Extended Data Fig. 2 Mutation plots for genes identified in rare single variant or URV burden analyses.
The upper panel shows the coding sequence of the respective genes, with the y-axis showing the −log10(P-value) for single variants. The lower panel shows the whole-gene domains colored by the −log10(P-value). Only variants and genes supported by replication are displayed. For variants identified in the rare single variant analysis, all variants with MAF < 0.05 are displayed; for genes identified in the URV burden analysis URVs are displayed (≤5 carriers). Association statistics were estimated using Firth’s logistic regression with profile penalized likelihood confidence intervals. P-values for the gene-based and domain-based tests are from the ACAT omnibus test combining the four variant filtering strategies (see Methods). P-values shown are from two-tailed tests and are presented uncorrected for multiple testing.

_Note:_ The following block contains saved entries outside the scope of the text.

(* Let $n_1,n_2$ be positive integers with $n_1\ge n_2$. Let $C_1$ be a collection of $2^{3n_1}$ squares of the form $[i4^{-n_1},(i+1)4^{-n_1}]\times[j4^{-n_1},(j+1)4^{-n_1}]$ ($0\le i,j<4^{n_1}$) such that each column $[j4^{-n_1},(j+1)4^{-n_1}]\times[0,1]$, $j=0,\dots,4^{n_1}-1$, contains exactly $2^{n_1}$ squares of $C_1$. Then one can choose, inside each square of $C_1$, exactly $2^{n_2}$ of its $4^{2n_2}$ grid subsquares of side length $4^{-(n_1+n_2)}$, in such a way that every column $[j4^{-(n_1+n_2)},(j+1)4^{-(n_1+n_2)}]\times[0,1]$, $j=0,\dots,4^{n_1+n_2}-1$, contains at least one chosen subsquare. *)

theory Defs
  imports Main
begin

text \<open>Grid squares of level n are encoded by index pairs (a,b), standing for
  [a 4^-n,(a+1)4^-n] x [b 4^-n,(b+1)4^-n]; a is the x-index, which determines the column.\<close>

definition subsquares :: "nat \<Rightarrow> nat \<times> nat \<Rightarrow> (nat \<times> nat) set" where
  "subsquares m sq = {(x, y). x div 4 ^ m = fst sq \<and> y div 4 ^ m = snd sq}"

end

theory Submission
  imports Defs
begin

text \<open>Split the bottom row of subsquares of every level-n1 square into 2^n2 runs of 2^n2
  consecutive subsquares. Inside each column of C1, label its 2^n1 \<ge> 2^n2 squares by
  0, ..., 2^n2 - 1 so that every label occurs, and let the square labelled q choose its q-th run.
  A subcolumn of a column lies in the q-th run of that column for exactly one q, so it contains
  the run chosen by the square labelled q.\<close>

lemma ex_column_labelling:
  fixes C :: "('a \<times> 'b) set" and P :: nat
  assumes "0 < P" and "\<And>a. a \<in> A \<Longrightarrow> P \<le> card {b. (a, b) \<in> C}"
  shows "\<exists>label. (\<forall>sq. label sq < P) \<and> (\<forall>a\<in>A. \<forall>q<P. \<exists>b. (a, b) \<in> C \<and> label (a, b) = q)"
proof -
  have "\<exists>e. a \<in> A \<longrightarrow> e ` {..<P} \<subseteq> {b. (a, b) \<in> C} \<and> inj_on e {..<P}" for a
  proof (cases "a \<in> A")
    case True
    with assms have "finite {b. (a, b) \<in> C}"
      by (metis card.infinite not_le)
    with True assms show ?thesis
      by (metis card_le_inj card_lessThan finite_lessThan)
  qed simp
  then obtain e where e: "\<And>a. a \<in> A \<Longrightarrow> e a ` {..<P} \<subseteq> {b. (a, b) \<in> C} \<and> inj_on (e a) {..<P}"
    by metis
  define label where
    "label sq = (if snd sq \<in> e (fst sq) ` {..<P} then inv_into {..<P} (e (fst sq)) (snd sq) else 0)"
    for sq
  have "label sq < P" for sq
    using \<open>0 < P\<close> inv_into_into[of "snd sq" "e (fst sq)" "{..<P}"] by (auto simp: label_def)
  moreover have "\<exists>b. (a, b) \<in> C \<and> label (a, b) = q" if "a \<in> A" "q < P" for a q
    using e[OF \<open>a \<in> A\<close>] \<open>q < P\<close> by (intro exI[of _ "e a q"]) (auto simp: label_def)
  ultimately show ?thesis by blast
qed

lemma subsquares_disjoint:
  assumes "p \<in> subsquares m sq" and "p \<in> subsquares m sq'"
  shows "sq = sq'"
  using assms by (auto simp: subsquares_def prod_eq_iff)

lemma UN_Int_subsquares:
  assumes "\<And>s. s \<in> A \<Longrightarrow> T s \<subseteq> subsquares m s" and "sq \<in> A"
  shows "(\<Union>s\<in>A. T s) \<inter> subsquares m sq = T sq"
  using assms subsquares_disjoint by blast

definition subsquare_run :: "nat \<Rightarrow> nat \<Rightarrow> nat \<times> nat \<Rightarrow> (nat \<times> nat) set" where
  "subsquare_run m k sq = (\<lambda>t. (fst sq * 4 ^ m + k * 2 ^ m + t, snd sq * 4 ^ m)) ` {..<2 ^ m}"

lemma four_power_eq_square: "(4::nat) ^ m = 2 ^ m * 2 ^ m"
  by (simp flip: power_mult_distrib)

lemma mult_add_less_square:
  fixes k t N :: nat
  assumes "k < N" and "t < N"
  shows "k * N + t < N * N"
proof -
  have "k * N + t < (k + 1) * N" using \<open>t < N\<close> by simp
  also have "\<dots> \<le> N * N" using \<open>k < N\<close> by (intro mult_right_mono) auto
  finally show ?thesis .
qed

lemma subsquare_run_subset:
  assumes "k < 2 ^ m"
  shows "subsquare_run m k sq \<subseteq> subsquares m sq"
  using mult_add_less_square[OF assms]
  by (auto simp: subsquare_run_def subsquares_def four_power_eq_square add.assoc)

lemma card_subsquare_run: "card (subsquare_run m k sq) = 2 ^ m"
  by (simp add: subsquare_run_def card_image inj_on_def)

lemma subcolumn_index_less: "(c mod 4 ^ m) div 2 ^ m < (2::nat) ^ m"
  by (simp add: four_power_eq_square less_mult_imp_div_less)

lemma mem_subsquare_run_column:
  "(c, b * 4 ^ m) \<in> subsquare_run m ((c mod 4 ^ m) div 2 ^ m) (c div 4 ^ m, b)"
proof -
  have "c = c div 4 ^ m * 4 ^ m + (c mod 4 ^ m) div 2 ^ m * 2 ^ m + (c mod 4 ^ m) mod 2 ^ m"
    using div_mult_mod_eq[of "c mod 4 ^ m" "2 ^ m"] div_mult_mod_eq[of c "4 ^ m"] by linarith
  then show ?thesis
    unfolding subsquare_run_def by (intro image_eqI[of _ _ "(c mod 4 ^ m) mod 2 ^ m"]) auto
qed

theorem lemma3p1:
  fixes n1 n2 :: nat and C1 :: "(nat \<times> nat) set"
  assumes "n1 \<ge> 1" and "n2 \<ge> 1" and "n1 \<ge> n2"
    and "C1 \<subseteq> {..<4 ^ n1} \<times> {..<4 ^ n1}"
    and "card C1 = 2 ^ (3 * n1)"
    and "\<forall>a < 4 ^ n1. card {b. (a, b) \<in> C1} = 2 ^ n1"
  shows "\<exists>S :: (nat \<times> nat) set.
           S \<subseteq> (\<Union>sq\<in>C1. subsquares n2 sq)
         \<and> (\<forall>sq\<in>C1. card (S \<inter> subsquares n2 sq) = 2 ^ n2)
         \<and> (\<forall>c < 4 ^ (n1 + n2). \<exists>y. (c, y) \<in> S)"
proof -
  have "(2::nat) ^ n2 \<le> card {b. (a, b) \<in> C1}" if "a \<in> {..<4 ^ n1}" for a
    using that assms(3,6) by (simp add: power_increasing)
  then obtain label where label_less: "\<And>sq. label sq < (2::nat) ^ n2"
    and label_onto: "\<And>a q. a < 4 ^ n1 \<Longrightarrow> q < 2 ^ n2 \<Longrightarrow> \<exists>b. (a, b) \<in> C1 \<and> label (a, b) = q"
    using ex_column_labelling[of "2 ^ n2" "{..<4 ^ n1}" C1]
    by (metis lessThan_iff zero_less_numeral zero_less_power)
  define S where "S = (\<Union>sq\<in>C1. subsquare_run n2 (label sq) sq)"
  have run_subset: "subsquare_run n2 (label sq) sq \<subseteq> subsquares n2 sq" for sq
    using subsquare_run_subset[OF label_less] .
  have "card (S \<inter> subsquares n2 sq) = 2 ^ n2" if "sq \<in> C1" for sq
    unfolding S_def UN_Int_subsquares[OF run_subset that] by (rule card_subsquare_run)
  moreover have "\<exists>y. (c, y) \<in> S" if "c < 4 ^ (n1 + n2)" for c
  proof -
    have "c div 4 ^ n2 < 4 ^ n1"
      using that by (simp add: power_add less_mult_imp_div_less)
    with label_onto subcolumn_index_less obtain b where "(c div 4 ^ n2, b) \<in> C1"
      and "label (c div 4 ^ n2, b) = (c mod 4 ^ n2) div 2 ^ n2"
      by blast
    then show ?thesis
      using mem_subsquare_run_column[where c = c and m = n2 and b = b] unfolding S_def by force
  qed
  moreover have "S \<subseteq> (\<Union>sq\<in>C1. subsquares n2 sq)"
    unfolding S_def using run_subset by blast
  ultimately show ?thesis by blast
qed

end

Extended Data Fig. 3 Ultra-rare variant burden analyses.
a, Quantile-quantile (qq) plot of observed association −log10 (P-values) versus expected −log10 (P-values) under the null model for gene, domain and gene set analyses. b–d, Forest plots depicting odds-ratios (center) and 95% confidence intervals (error bars) of the exome-wide significant genes (b), domains (c) and gene sets (d). e–g, Significant associations were screened for technical biases arising from the inclusion of multiple case cohorts by testing for an association with cohort among ALS cases (e, gene-based analyses; f, domain-based analyses, g, gene-set analyses). h–j, Comparison of association P-values of ultra-rare gene burden analyses excluding INDELs (y-axis) compared to the main analysis including INDELs (x-axis) (h, gene-based analyses; i, domain-based analyses; j, gene-set analyses). k–m, Comparison of association P-values of ultra-rare gene burden analyses including high-impact variants only (y-axis) compared to including both moderate-impact and high-impact variants (x-axis) (k, gene-based analyses; l, domain-based analyses; m, gene-set analyses). Association statistics were estimated using Firth’s logistic regression with profile penalized likelihood confidence intervals. P-values for the gene-based, domain-based and gene set analyses are from the ACAT omnibus test combining the four variant filtering strategies (see Methods). P-values are two-tailed and are presented uncorrected for multiple testing.
Extended Data Fig. 4 Co-occurrence analyses.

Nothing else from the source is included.